[Collected data entries]
——————————

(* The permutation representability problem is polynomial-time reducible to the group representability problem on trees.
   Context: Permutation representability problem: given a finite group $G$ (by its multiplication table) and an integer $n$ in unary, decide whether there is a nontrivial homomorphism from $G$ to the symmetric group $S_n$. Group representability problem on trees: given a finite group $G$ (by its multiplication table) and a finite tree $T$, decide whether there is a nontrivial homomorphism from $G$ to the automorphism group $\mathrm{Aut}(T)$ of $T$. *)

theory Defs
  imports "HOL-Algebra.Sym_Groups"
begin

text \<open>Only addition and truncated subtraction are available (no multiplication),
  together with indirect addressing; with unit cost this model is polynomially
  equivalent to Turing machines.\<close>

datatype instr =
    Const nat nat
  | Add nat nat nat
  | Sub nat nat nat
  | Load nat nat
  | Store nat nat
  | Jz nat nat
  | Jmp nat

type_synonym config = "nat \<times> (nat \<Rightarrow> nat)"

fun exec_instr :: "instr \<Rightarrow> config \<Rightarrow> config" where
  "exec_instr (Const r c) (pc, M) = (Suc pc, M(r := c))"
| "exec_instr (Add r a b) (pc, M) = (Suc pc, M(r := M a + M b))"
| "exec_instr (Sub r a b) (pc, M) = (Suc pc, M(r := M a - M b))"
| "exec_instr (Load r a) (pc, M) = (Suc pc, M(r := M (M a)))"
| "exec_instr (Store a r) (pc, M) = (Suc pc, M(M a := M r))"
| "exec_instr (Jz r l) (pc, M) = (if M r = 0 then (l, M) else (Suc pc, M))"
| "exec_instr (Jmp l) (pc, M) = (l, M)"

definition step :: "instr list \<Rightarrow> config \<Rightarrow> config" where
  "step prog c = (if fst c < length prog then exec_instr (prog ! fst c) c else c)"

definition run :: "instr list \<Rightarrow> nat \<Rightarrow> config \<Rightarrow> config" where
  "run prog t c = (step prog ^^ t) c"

——————————

» **Exercise description**
Show every line of the data in which the word "list" appears.

» **Task result**
definition step :: "instr list \<Rightarrow> config \<Rightarrow> config" where
definition run :: "instr list \<Rightarrow> nat \<Rightarrow> config \<Rightarrow> config" where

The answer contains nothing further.